lemma column_approximation:
  fixes x :: "'p \<Rightarrow> nat \<Rightarrow> real" and v :: "nat \<Rightarrow> real" and K :: nat
  assumes "a > 0" "b > 0" "eps > 0" and K: "4 * a * b / eps \<le> real K"
    and x: "\<forall>p\<in>P. (\<Sum>l<d. (x p l)\<^sup>2) \<le> b\<^sup>2"
    and \<alpha>: "\<alpha> = sqrt (\<Sum>l<d. (v l)\<^sup>2)"
  defines "\<eta> \<equiv> eps / b\<^sup>2 * real (step_level K a \<alpha>) / real K"
  obtains L where "set L \<subseteq> P \<times> UNIV" "real (length L) \<le> 8 * a * \<alpha> * b\<^sup>2 / eps\<^sup>2"
    and "\<And>p. p \<in> P \<Longrightarrow> (\<Sum>l<d. (v l - signed_sum \<eta> x L l) * x p l)\<^sup>2
                          \<le> \<alpha> * (eps\<^sup>2 / (2 * a) + 2 * a * b\<^sup>2 / (real K)\<^sup>2)"
proof -
  define k where "k = step_level K a \<alpha>"
  have "\<alpha> \<ge> 0" and \<alpha>2: "\<alpha>\<^sup>2 = (\<Sum>l<d. (v l)\<^sup>2)" using \<alpha> by (simp_all add: sum_nonneg)
  have "4 * a * b / eps > 0" using assms by simp
  then have "real K > 0" using K by linarith
  show ?thesis
  proof (cases "k = 0")
    case True
    have "(\<Sum>l<d. (v l - signed_sum \<eta> x [] l) * x p l)\<^sup>2
          \<le> \<alpha> * (eps\<^sup>2 / (2 * a) + 2 * a * b\<^sup>2 / (real K)\<^sup>2)" if "p \<in> P" for p
    proof -
      have "(\<Sum>l<d. v l * x p l)\<^sup>2 \<le> \<alpha>\<^sup>2 * (\<Sum>l<d. (x p l)\<^sup>2)"
        unfolding \<alpha>2 by (rule Cauchy_Schwarz_ineq_sum)
      also have "\<dots> \<le> \<alpha>\<^sup>2 * b\<^sup>2" using x that by (simp add: mult_left_mono)
      also have "\<dots> \<le> \<alpha> * (2 * a * b\<^sup>2 / (real K)\<^sup>2)"
      proof -
        have "\<alpha> * ((real K)\<^sup>2 * \<alpha>) \<le> \<alpha> * (2 * a)"
          using step_level_zero[OF \<open>a > 0\<close> \<open>\<alpha> \<ge> 0\<close>, of K] True \<open>\<alpha> \<ge> 0\<close>
          by (intro mult_left_mono) (simp_all add: k_def)
        then have "\<alpha> * ((real K)\<^sup>2 * \<alpha>) * (b\<^sup>2 / (real K)\<^sup>2) \<le> \<alpha> * (2 * a) * (b\<^sup>2 / (real K)\<^sup>2)"
          by (rule mult_right_mono) simp
        then show ?thesis using \<open>real K > 0\<close> by (simp add: power2_eq_square)
      qed
      also have "\<dots> \<le> \<alpha> * (eps\<^sup>2 / (2 * a) + 2 * a * b\<^sup>2 / (real K)\<^sup>2)"
        using \<open>\<alpha> \<ge> 0\<close> \<open>a > 0\<close> by (intro mult_left_mono) simp_all
      finally show ?thesis by simp
    qed
    then show ?thesis using that[of "[]"] \<open>\<alpha> \<ge> 0\<close> assms(1-3) by simp
  next
    case False
    then have "\<eta> > 0" using assms \<open>real K > 0\<close> by (simp add: \<eta>_def k_def)
    then obtain L where L: "set L \<subseteq> P \<times> UNIV" "real (length L) \<le> \<alpha>\<^sup>2 / (\<eta>\<^sup>2 * b\<^sup>2)"
      "\<And>p. p \<in> P \<Longrightarrow> \<bar>\<Sum>l<d. (v l - signed_sum \<eta> x L l) * x p l\<bar> \<le> \<eta> * b\<^sup>2"
      using perceptron_mistake_bound[OF x _ \<open>b > 0\<close>, of \<eta> v "\<lambda>_. 0"] \<alpha>2 by auto
    have \<eta>b: "\<eta> * b\<^sup>2 = eps * real k / real K" using \<open>b > 0\<close> by (simp add: \<eta>_def k_def)
    have "real (length L) \<le> 8 * a * \<alpha> * b\<^sup>2 / eps\<^sup>2"
    proof -
      have "\<alpha> * ((real K)\<^sup>2 * \<alpha>) \<le> \<alpha> * (8 * a * (real k)\<^sup>2)"
        using step_level_pos[OF \<open>a > 0\<close> \<open>\<alpha> \<ge> 0\<close>, of K] False \<open>\<alpha> \<ge> 0\<close>
        by (intro mult_left_mono) (simp_all add: k_def)
      then have "\<alpha> * ((real K)\<^sup>2 * \<alpha>) * (b\<^sup>2 / (eps * real k)\<^sup>2)
               \<le> \<alpha> * (8 * a * (real k)\<^sup>2) * (b\<^sup>2 / (eps * real k)\<^sup>2)"
        by (rule mult_right_mono) simp
      moreover have "\<alpha>\<^sup>2 / (\<eta>\<^sup>2 * b\<^sup>2) = \<alpha> * ((real K)\<^sup>2 * \<alpha>) * (b\<^sup>2 / (eps * real k)\<^sup>2)"
        using assms(2,3) \<open>real K > 0\<close> False
        by (simp add: \<eta>_def k_def field_simps power2_eq_square)
      moreover have "\<alpha> * (8 * a * (real k)\<^sup>2) * (b\<^sup>2 / (eps * real k)\<^sup>2) = 8 * a * \<alpha> * b\<^sup>2 / eps\<^sup>2"
        using assms(3) False by (simp add: field_simps power2_eq_square)
      ultimately show ?thesis using L(2) by linarith
    qed
    moreover have "(\<Sum>l<d. (v l - signed_sum \<eta> x L l) * x p l)\<^sup>2
          \<le> \<alpha> * (eps\<^sup>2 / (2 * a) + 2 * a * b\<^sup>2 / (real K)\<^sup>2)" if "p \<in> P" for p
    proof -
      have "(\<Sum>l<d. (v l - signed_sum \<eta> x L l) * x p l)\<^sup>2 \<le> (eps * real k / real K)\<^sup>2"
        using L(3)[OF that] \<eta>b \<open>eps > 0\<close> by (simp flip: abs_le_square_iff)
      also have "\<dots> \<le> eps\<^sup>2 * \<alpha> / (2 * a)"
        using step_level_sq_le[OF \<open>a > 0\<close> \<open>\<alpha> \<ge> 0\<close>, of K] assms(1,3) \<open>real K > 0\<close>
        by (simp add: k_def field_simps power_mult_distrib power_divide)
      also have "\<dots> \<le> \<alpha> * (eps\<^sup>2 / (2 * a) + 2 * a * b\<^sup>2 / (real K)\<^sup>2)"
        using \<open>\<alpha> \<ge> 0\<close> \<open>a > 0\<close> by (simp add: field_simps)
      finally show ?thesis .
    qed
    ultimately show ?thesis using that L(1) by blast
  qed
qed

lemma quantization_error_le:
  assumes "a > 0" "b > 0" "eps > 0" and K: "4 * a * b / eps \<le> real K"
  shows "a * (eps\<^sup>2 / (2 * a) + 2 * a * b\<^sup>2 / (real K)\<^sup>2) \<le> eps\<^sup>2"
proof -
  have "(4 * a * b / eps)\<^sup>2 \<le> (real K)\<^sup>2" using K assms by (intro power_mono) auto
  then have "16 * a\<^sup>2 * b\<^sup>2 \<le> (real K)\<^sup>2 * eps\<^sup>2"
    using assms by (simp add: field_simps power_divide power_mult_distrib)
  moreover have "real K > 0" using K assms by (smt (verit) divide_pos_pos mult_pos_pos)
  ultimately have "2 * a\<^sup>2 * b\<^sup>2 / (real K)\<^sup>2 \<le> eps\<^sup>2 / 8"
    by (simp add: field_simps)
  moreover have "a * (eps\<^sup>2 / (2 * a) + 2 * a * b\<^sup>2 / (real K)\<^sup>2) = eps\<^sup>2 / 2 + 2 * a\<^sup>2 * b\<^sup>2 / (real K)\<^sup>2"
    using assms(1) by (simp add: field_simps power2_eq_square)
  ultimately show ?thesis using zero_le_power2[of eps] by linarith
qed

text \<open>A code letter (i, u, j, s, k) stands for adding (+/-) (c k/K) X(i,u) to column j of the
  matrix; a code is a list of letters.\<close>

type_synonym code_letter = "nat \<times> nat \<times> nat \<times> bool \<times> nat"

definition code_alphabet :: "nat \<Rightarrow> nat \<Rightarrow> nat \<Rightarrow> nat \<Rightarrow> code_letter set" where
  "code_alphabet n U m K = {..<n} \<times> {..<U} \<times> {..<m} \<times> UNIV \<times> {..K}"

definition code_weight ::
  "real \<Rightarrow> nat \<Rightarrow> (nat \<Rightarrow> nat \<Rightarrow> nat \<Rightarrow> real) \<Rightarrow> code_letter list \<Rightarrow> nat \<Rightarrow> nat \<Rightarrow> real" where
  "code_weight c K X cs l j = sum_list (map (\<lambda>(i, u, j', s, k).
     if j' = j then (if s then 1 else -1) * (c * real k / real K) * X i u l else 0) cs)"

definition code_tensor :: "nat \<Rightarrow> nat \<Rightarrow> nat \<Rightarrow> nat \<Rightarrow> (nat \<Rightarrow> nat \<Rightarrow> nat \<Rightarrow> real)
    \<Rightarrow> (nat \<Rightarrow> nat \<Rightarrow> real) \<Rightarrow> real \<Rightarrow> nat \<Rightarrow> code_letter list \<Rightarrow> nat \<Rightarrow> nat \<Rightarrow> nat \<Rightarrow> real" where
  "code_tensor n U m d X M c K cs = (\<lambda>i u j.
     if i < n \<and> u < U \<and> j < m then (\<Sum>l<d. X i u l * (M l j + code_weight c K X cs l j)) else 0)"

definition column_code :: "nat \<Rightarrow> nat \<Rightarrow> ((nat \<times> nat) \<times> bool) list \<Rightarrow> code_letter list" where
  "column_code j k L = map (\<lambda>((i, u), s). (i, u, j, s, k)) L"

lemma card_code_alphabet: "card (code_alphabet n U m K) = n * U * m * 2 * (K + 1)"
  by (simp add: code_alphabet_def card_cartesian_product algebra_simps)

lemma code_weight_append:
  "code_weight c K X (cs @ cs') l j = code_weight c K X cs l j + code_weight c K X cs' l j"
  by (simp add: code_weight_def)

lemma code_weight_level_zero: "code_weight c K X (replicate r (i, u, j', s, 0)) l j = 0"
  by (induction r) (auto simp: code_weight_def)
(* Let $\operatorname{Cs}(4)=\{x,y,z\}$ be the quandle with multiplication $xx=x$, $yy=y$, $zz=z$, $xy=x$, $xz=y$, $yx=y$, $yz=x$, $zx=z$, $zy=z$. Then the set of non-zero maximal quandles in $\mathbb{Z}[\operatorname{Cs}(4)]$ is $\operatorname{mq}(\mathbb{Z}[\operatorname{Cs}(4)])=\{N_1,N_2\}$, where $$N_1=\big\{z,~(1-\beta)x+\beta y~|~\beta\in\mathbb{Z}\big\},\qquad N_2=\big\{\alpha x+\alpha y+(1-2\alpha)z~|~\alpha\in\mathbb{Z}\big\}.$$
   Context: A quandle is a non-empty set with a binary operation $(u,v)\mapsto uv$ such that $uu=u$; for all $u,v$ there is a unique $w$ with $u=wv$; and $(uv)w=(uw)(vw)$. For a quandle $Q$, the quandle ring $\mathbb{Z}[Q]$ is the free abelian group with basis $Q$, with multiplication $\big(\sum_i\alpha_i q_i\big)\big(\sum_j\beta_j q_j\big)=\sum_{i,j}\alpha_i\beta_j (q_iq_j)$. A quandle in $\mathbb{Z}[Q]$ is a subset closed under the ring multiplication which is a quandle under the restricted multiplication. $\operatorname{mq}(\mathbb{Z}[Q])$ is the set of all quandles in $\mathbb{Z}[Q]$ different from $\{0\}$ that are maximal with respect to inclusion among quandles in $\mathbb{Z}[Q]$. *)

theory Defs
  imports Main
begin

text \<open>Closure of S under m is required separately.\<close>
definition is_quandle :: "'a set \<Rightarrow> ('a \<Rightarrow> 'a \<Rightarrow> 'a) \<Rightarrow> bool" where
  "is_quandle S m \<longleftrightarrow>
     S \<noteq> {} \<and>
     (\<forall>u\<in>S. m u u = u) \<and>
     (\<forall>u\<in>S. \<forall>v\<in>S. \<exists>!w. w \<in> S \<and> u = m w v) \<and>
     (\<forall>u\<in>S. \<forall>v\<in>S. \<forall>w\<in>S. m (m u v) w = m (m u w) (m v w))"

text \<open>Quandle ring Z[Q] for a finite quandle whose underlying set is a finite type 'a:
  elements are functions 'a \<Rightarrow> int (coefficient vectors w.r.t. the basis Q).\<close>
definition qring_mult :: "('a::finite \<Rightarrow> 'a \<Rightarrow> 'a) \<Rightarrow> ('a \<Rightarrow> int) \<Rightarrow> ('a \<Rightarrow> int) \<Rightarrow> ('a \<Rightarrow> int)" where
  "qring_mult op u v = (\<lambda>r. \<Sum>p\<in>UNIV. \<Sum>q\<in>UNIV. if op p q = r then u p * v q else 0)"

definition quandle_in_ring :: "('a::finite \<Rightarrow> 'a \<Rightarrow> 'a) \<Rightarrow> ('a \<Rightarrow> int) set \<Rightarrow> bool" where
  "quandle_in_ring op S \<longleftrightarrow>
     (\<forall>u\<in>S. \<forall>v\<in>S. qring_mult op u v \<in> S) \<and> is_quandle S (qring_mult op)"

definition mq :: "('a::finite \<Rightarrow> 'a \<Rightarrow> 'a) \<Rightarrow> ('a \<Rightarrow> int) set set" where
  "mq op = {S. quandle_in_ring op S \<and> S \<noteq> {(\<lambda>_. 0)} \<and>
               (\<forall>T. quandle_in_ring op T \<and> S \<subseteq> T \<longrightarrow> T = S)}"

datatype cs4 = X | Y | Z

instance cs4 :: finite
proof
  have "(UNIV :: cs4 set) = {X, Y, Z}" using cs4.exhaust by auto
  then show "finite (UNIV :: cs4 set)" by (metis finite.emptyI finite_insert)
qed

fun cs4_op :: "cs4 \<Rightarrow> cs4 \<Rightarrow> cs4" where
  "cs4_op X X = X" | "cs4_op Y Y = Y" | "cs4_op Z Z = Z"
| "cs4_op X Y = X" | "cs4_op X Z = Y"
| "cs4_op Y X = Y" | "cs4_op Y Z = X"
| "cs4_op Z X = Z" | "cs4_op Z Y = Z"

definition vec3 :: "int \<Rightarrow> int \<Rightarrow> int \<Rightarrow> cs4 \<Rightarrow> int" where
  "vec3 a b c = (\<lambda>p. case p of X \<Rightarrow> a | Y \<Rightarrow> b | Z \<Rightarrow> c)"

end

theory Submission
  imports Defs
begin

text \<open>Every element of a quandle in \<open>\<int>[Q]\<close> is idempotent, and the non-zero idempotents
  of \<open>\<int>[Cs(4)]\<close> form exactly \<open>N\<^sub>1 \<union> N\<^sub>2\<close>; the zero vector lies in no quandle other
  than \<open>{0}\<close>, because right multiplication by 0 is constant.  No quandle meets both \<open>N\<^sub>1 - N\<^sub>2\<close> and \<open>N\<^sub>2 - N\<^sub>1\<close>: right
  multiplication by \<open>\<alpha>x + \<alpha>y + (1 - 2\<alpha>)z\<close> with \<open>\<alpha> \<noteq> 0\<close> maps the line
  \<open>(1 - \<beta>)x + \<beta>y\<close> to itself, multiplying \<open>2\<beta> - 1\<close> by \<open>4\<alpha> - 1\<close>.  It is surjective on
  the quandle's points of that line while strictly increasing \<open>|2\<beta> - 1|\<close>, which is
  impossible by infinite descent.  So every quandle other than \<open>{0}\<close> lies in \<open>N\<^sub>1\<close> or
  \<open>N\<^sub>2\<close>, and these two are the maximal ones.\<close>

lemma empty_if_surjective_expanding:
  fixes m :: "'a \<Rightarrow> nat"
  assumes surj: "\<And>u. u \<in> L \<Longrightarrow> \<exists>w\<in>L. u = f w"
    and expanding: "\<And>w. w \<in> L \<Longrightarrow> m w < m (f w)"
  shows "L = {}"
proof (rule ccontr)
  assume "L \<noteq> {}"
  then obtain u where "u \<in> L" and least: "\<And>y. y \<in> L \<Longrightarrow> m u \<le> m y"
    using ex_has_least_nat[of "\<lambda>y. y \<in> L" _ m] by blast
  then obtain w where "w \<in> L" "u = f w" using surj by blast
  with least expanding show False by fastforce
qed

lemma is_quandle_idem: "is_quandle S m \<Longrightarrow> u \<in> S \<Longrightarrow> m u u = u"
  unfolding is_quandle_def by (elim conjE) blast

lemma is_quandle_right_divisible:
  assumes "is_quandle S m" and "u \<in> S" and "v \<in> S"
  shows "\<exists>w\<in>S. u = m w v"
proof -
  have "\<forall>u\<in>S. \<forall>v\<in>S. \<exists>!w. w \<in> S \<and> u = m w v"
    using assms(1) unfolding is_quandle_def by (elim conjE)
  then have "\<exists>!w. w \<in> S \<and> u = m w v" using assms(2,3) by blast
  then show ?thesis by blast
qed

lemma qring_mult_zero_right [simp]: "qring_mult op u (\<lambda>_. 0) = (\<lambda>_. 0)"
  unfolding qring_mult_def by (simp cong: if_cong)

lemma zero_in_quandle_in_ring_imp_singleton:
  assumes "quandle_in_ring op S" and "(\<lambda>_. 0) \<in> S"
  shows "S = {\<lambda>_. 0}"
proof -
  have quandle: "is_quandle S (qring_mult op)"
    using assms(1) unfolding quandle_in_ring_def by (elim conjE)
  have "u = (\<lambda>_. 0)" if "u \<in> S" for u
  proof -
    obtain w where "u = qring_mult op w (\<lambda>_. 0)"
      using is_quandle_right_divisible[OF quandle \<open>u \<in> S\<close> assms(2)] by blast
    then show ?thesis by simp
  qed
  with assms(2) show ?thesis by blast
qed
========================================
**Task requirements:** What lines in the material above hold the string "than"? List them.

**Answer to the exercise:**
  than \<open>{0}\<close>, because right multiplication by 0 is constant.  No quandle meets both \<open>N\<^sub>1 - N\<^sub>2\<close> and \<open>N\<^sub>2 - N\<^sub>1\<close>: right
  impossible by infinite descent.  So every quandle other than \<open>{0}\<close> lies in \<open>N\<^sub>1\<close> or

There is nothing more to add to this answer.